Molecular dynamics simulation for damping properties of PDMS composite enhanced by the last generation siloxane dendrimer alcohol with hydroxyl terminal groups

Abstract

In this study, the damping properties of PDMS composite enhanced by last generation siloxane dendrimer alcohol with hydroxyl terminal groups G3-OH were evaluated by all atomic molecular dynamics simulation (AAMDS) method in terms of damping loss factors (DLFs) tanδ, compositional miscibility (|δi−δ0|), cohesive energy density (CED), binding energy (EB) and maximum free volume fraction (FFVmax). Based on the total atomic charge distribution, further, the potential damping mechanism in composite PDMS/G3-OH(100/47) was explored. The simulation results showed that the |δi−δ0| of composite PDMS/G3-OH(100/47) was 0.0939 (J/cm3)0.5, whose good compatibility between the two components laid a solid foundation for the excellent damping performance. As the argument, the tanδ, CED, EB and FFVmax of composite PDMS/G3-OH(100/47) were 0.8073, 1.668 (J/m3)×108, −19877.607 kcal/mol as well as 39.85 % respectively, which were better than 1.2439, 1.390 (J/m3)×108, −14539.327 kcal/mol and 40.71 % of pure PDMS matrix material PDMS/G3-OH(100/0).

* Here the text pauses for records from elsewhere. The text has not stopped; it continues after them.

(* Let $P$ be an $n\times n$ D-orthogonal matrix. Then there exist vectors $\mathbf u_1,\dots,\mathbf u_n\in\{0,1\}^n$ such that each matrix $I+\mathbf u_i\mathbf u_i^T$ is D-orthogonal, and a matrix obtained from $P$ by permuting its rows and columns is congruent modulo $2$ to the product $(I+\mathbf u_1\mathbf u_1^T)(I+\mathbf u_2\mathbf u_2^T)\cdots(I+\mathbf u_n\mathbf u_n^T)$.
   Context: For integer matrices, $A\cong B$ means $A\equiv B\pmod 2$ entrywise. An integer (dyadic) square matrix $P$ is D-orthogonal if $P^TP\cong I$. Two matrices are indistinguishable if one is obtained from the other by permuting rows and columns. *)

theory Defs
  imports "HOL-Combinatorics.Permutations"
begin

text \<open>n x n integer matrices are represented as functions nat => nat => int,
  only entries with indices < n are meaningful.\<close>

type_synonym imat = "nat \<Rightarrow> nat \<Rightarrow> int"
type_synonym ivec = "nat \<Rightarrow> int"

definition mat_mult :: "nat \<Rightarrow> imat \<Rightarrow> imat \<Rightarrow> imat" where
  "mat_mult n A B = (\<lambda>i j. \<Sum>k<n. A i k * B k j)"

definition mat_transpose :: "imat \<Rightarrow> imat" where
  "mat_transpose A = (\<lambda>i j. A j i)"

definition mat_id :: imat where
  "mat_id = (\<lambda>i j. if i = j then 1 else 0)"

definition mat_add :: "imat \<Rightarrow> imat \<Rightarrow> imat" where
  "mat_add A B = (\<lambda>i j. A i j + B i j)"

definition outer :: "ivec \<Rightarrow> imat" where
  "outer u = (\<lambda>i j. u i * u j)"

definition cong2 :: "nat \<Rightarrow> imat \<Rightarrow> imat \<Rightarrow> bool" where
  "cong2 n A B \<longleftrightarrow> (\<forall>i<n. \<forall>j<n. A i j mod 2 = B i j mod 2)"

definition D_orthogonal :: "nat \<Rightarrow> imat \<Rightarrow> bool" where
  "D_orthogonal n P \<longleftrightarrow> cong2 n (mat_mult n (mat_transpose P) P) mat_id"

definition mat_prod_list :: "nat \<Rightarrow> imat list \<Rightarrow> imat" where
  "mat_prod_list n As = foldr (mat_mult n) As mat_id"

definition permute_rc :: "(nat \<Rightarrow> nat) \<Rightarrow> (nat \<Rightarrow> nat) \<Rightarrow> imat \<Rightarrow> imat" where
  "permute_rc \<sigma> \<tau> A = (\<lambda>i j. A (\<sigma> i) (\<tau> j))"

end

theory Submission
  imports Defs "HOL-Library.Z2"
begin

text \<open>Modulo 2 a D-orthogonal matrix is an orthogonal matrix over GF(2). Induct on the size
  \<open>m\<close> of the leading block outside which it is the identity. After a row swap inside the
  block making the diagonal entry of column \<open>m\<close> zero, the matrix \<open>I + u u\<^sup>T\<close> with
  \<open>u = P e\<^sub>m + e\<^sub>m\<close> is an orthogonal involution (\<open>u\<close> has even weight) mapping column
  \<open>m\<close> to \<open>e\<^sub>m\<close>; orthogonality then forces row \<open>m\<close> to be \<open>e\<^sub>m\<^sup>T\<close> as well. The row
  permutations accumulated later are pushed past \<open>I + u u\<^sup>T\<close> by permuting \<open>u\<close>.\<close>

\<comment> \<open>otherwise \<open>+\<close> and \<open>*\<close> on bit are rewritten to xor/and, which defeats ring reasoning\<close>
declare add_bit_eq_xor [simp del] mult_bit_eq_and [simp del]

type_synonym 'a sqmat = "nat \<Rightarrow> nat \<Rightarrow> 'a"

definition mmult :: "nat \<Rightarrow> 'a::semiring_0 sqmat \<Rightarrow> 'a sqmat \<Rightarrow> 'a sqmat" where
  "mmult n A B = (\<lambda>i j. \<Sum>k<n. A i k * B k j)"

definition mone :: "'a::zero_neq_one sqmat" where
  "mone = (\<lambda>i j. if i = j then 1 else 0)"

definition mtransp :: "'a sqmat \<Rightarrow> 'a sqmat" where
  "mtransp A = (\<lambda>i j. A j i)"

definition meq :: "nat \<Rightarrow> 'a sqmat \<Rightarrow> 'a sqmat \<Rightarrow> bool" where
  "meq n A B \<longleftrightarrow> (\<forall>i<n. \<forall>j<n. A i j = B i j)"

definition mprod :: "nat \<Rightarrow> 'a::semiring_1 sqmat list \<Rightarrow> 'a sqmat" where
  "mprod n As = foldr (mmult n) As mone"

definition orthogonal :: "nat \<Rightarrow> 'a::comm_semiring_1 sqmat \<Rightarrow> bool" where
  "orthogonal n P \<longleftrightarrow> meq n (mmult n (mtransp P) P) mone"

definition dot :: "nat \<Rightarrow> (nat \<Rightarrow> 'a::comm_semiring_1) \<Rightarrow> (nat \<Rightarrow> 'a) \<Rightarrow> 'a" where
  "dot n u v = (\<Sum>i<n. u i * v i)"

definition transv :: "(nat \<Rightarrow> 'a::comm_semiring_1) \<Rightarrow> 'a sqmat" where
  "transv u = (\<lambda>i j. mone i j + u i * u j)"

definition id_outside :: "nat \<Rightarrow> nat \<Rightarrow> 'a::zero_neq_one sqmat \<Rightarrow> bool" where
  "id_outside n m P \<longleftrightarrow> (\<forall>i<n. \<forall>j<n. (m \<le> i \<or> m \<le> j) \<longrightarrow> P i j = mone i j)"

definition of_int_mat :: "imat \<Rightarrow> 'a::ring_1 sqmat" where
  "of_int_mat A = (\<lambda>i j. of_int (A i j))"

lemma sum_mone_left:
  "i < n \<Longrightarrow> (\<Sum>l<n. mone i l * f l) = (f i :: 'a::semiring_1)"
  by (subst sum.cong[OF refl, of _ _ "\<lambda>l. if i = l then f l else 0"]) (auto simp: mone_def)

lemma sum_mone_right:
  "j < n \<Longrightarrow> (\<Sum>l<n. f l * mone l j) = (f j :: 'a::semiring_1)"
  by (subst sum.cong[OF refl, of _ _ "\<lambda>l. if l = j then f l else 0"]) (auto simp: mone_def)

lemma mmult_mone_left: "i < n \<Longrightarrow> mmult n mone A i j = (A i j :: 'a::semiring_1)"
  by (simp add: mmult_def sum_mone_left)

lemma mmult_assoc: "mmult n (mmult n A B) C = mmult n A (mmult n B C)"
  by (auto simp: mmult_def fun_eq_iff sum_distrib_left sum_distrib_right mult.assoc
      intro: sum.swap)

lemma mtransp_mmult:
  "mtransp (mmult n A B) = mmult n (mtransp B) (mtransp (A :: 'a::comm_semiring_0 sqmat))"
  by (simp add: mtransp_def mmult_def fun_eq_iff mult.commute)

lemma meq_mmult: "meq n A A' \<Longrightarrow> meq n B B' \<Longrightarrow> meq n (mmult n A B) (mmult n A' B')"
  by (simp add: meq_def mmult_def)

lemma meq_trans: "meq n A B \<Longrightarrow> meq n B C \<Longrightarrow> meq n A C"
  by (simp add: meq_def)

lemma meq_refl: "meq n A A"
  by (simp add: meq_def)

lemma orthogonalD:
  "orthogonal n P \<Longrightarrow> i < n \<Longrightarrow> j < n \<Longrightarrow> (\<Sum>l<n. P l i * P l j) = mone i j"
  by (simp add: orthogonal_def meq_def mmult_def mtransp_def)

lemma orthogonal_permute_rows:
  assumes "orthogonal n P" "\<rho> permutes {..<n}"
  shows "orthogonal n (\<lambda>i j. P (\<rho> i) j)"
proof -
  have "(\<Sum>l<n. P (\<rho> l) i * P (\<rho> l) j) = (\<Sum>l<n. P l i * P l j)" for i j
    using sum.permute[OF assms(2), of "\<lambda>l. P l i * P l j"] by (simp add: comp_def)
  then show ?thesis
    using orthogonalD[OF assms(1)]
    by (simp add: orthogonal_def meq_def mmult_def mtransp_def)
qed

lemma dot_commute: "dot n u v = dot n v u"
  by (simp add: dot_def mult.commute)

lemma dot_permute:
  "\<sigma> permutes {..<n} \<Longrightarrow> dot n (\<lambda>i. u (\<sigma> i)) (\<lambda>i. u (\<sigma> i)) = dot n u u"
  using sum.permute[of \<sigma> "{..<n}" "\<lambda>i. u i * u i"] by (simp add: dot_def comp_def)

subsection \<open>Transvections\<close>

lemma mtransp_transv: "mtransp (transv u) = transv u"
  by (simp add: mtransp_def transv_def mone_def fun_eq_iff mult.commute)

lemma mmult_transv_left:
  "i < n \<Longrightarrow> mmult n (transv u) A i j = A i j + u i * dot n u (\<lambda>l. A l j)"
  by (simp add: mmult_def transv_def dot_def distrib_right sum.distrib sum_distrib_left
      sum_mone_left mult.assoc)

lemma mmult_transv_permute:
  assumes "\<sigma> permutes {..<n}"
  shows "mmult n (transv u) Q (\<sigma> i) j
           = mmult n (transv (\<lambda>l. u (\<sigma> l))) (\<lambda>l j. Q (\<sigma> l) j) i j"
proof -
  have "mmult n (transv u) Q (\<sigma> i) j = (\<Sum>l<n. transv u (\<sigma> i) (\<sigma> l) * Q (\<sigma> l) j)"
    using sum.permute[OF assms, of "\<lambda>l. transv u (\<sigma> i) l * Q l j"]
    by (simp add: mmult_def comp_def)
  also have "\<dots> = mmult n (transv (\<lambda>l. u (\<sigma> l))) (\<lambda>l j. Q (\<sigma> l) j) i j"
    using permutes_inj[OF assms] by (simp add: mmult_def transv_def mone_def inj_eq)
  finally show ?thesis .
qed

lemma id_outside_mmult_transv:
  assumes "id_outside n m P" "\<forall>i<n. m \<le> i \<longrightarrow> u i = 0"
  shows "id_outside n m (mmult n (transv u) P)"
  unfolding id_outside_def
proof (intro allI impI)
  fix i j assume ij: "i < n" "j < n" "m \<le> i \<or> m \<le> j"
  have "u i * dot n u (\<lambda>l. P l j) = 0"
  proof (cases "m \<le> i")
    case False
    then have "dot n u (\<lambda>l. P l j) = (\<Sum>l<n. u l * mone l j)"
      using assms(1) ij by (auto simp: dot_def id_outside_def intro!: sum.cong)
    also have "\<dots> = 0"
      using assms(2) ij False by (simp add: sum_mone_right)
    finally show ?thesis by simp
  qed (use assms(2) ij in simp)
  moreover have "P i j = mone i j"
    using assms(1) ij unfolding id_outside_def by blast
  ultimately show "mmult n (transv u) P i j = mone i j"
    using ij by (simp add: mmult_transv_left)
qed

Furthermore, the multiple hydrogen bond mechanism can perfectly explain the structure-activity relationship between the internal structure and the excellent damping properties of composite PDMS/G3-OH(100/47). Specifically, a total of 19 α-type hydrogen bonds were formed in the composite PDMS/G3-OH(100/47). All in all, according to the evaluation of AAMDS method, the PDMS composite enhanced by 47-equivalent last generation siloxane dendrimer alcohol with hydroxyl terminal groups G3-OH had outstanding damping properties.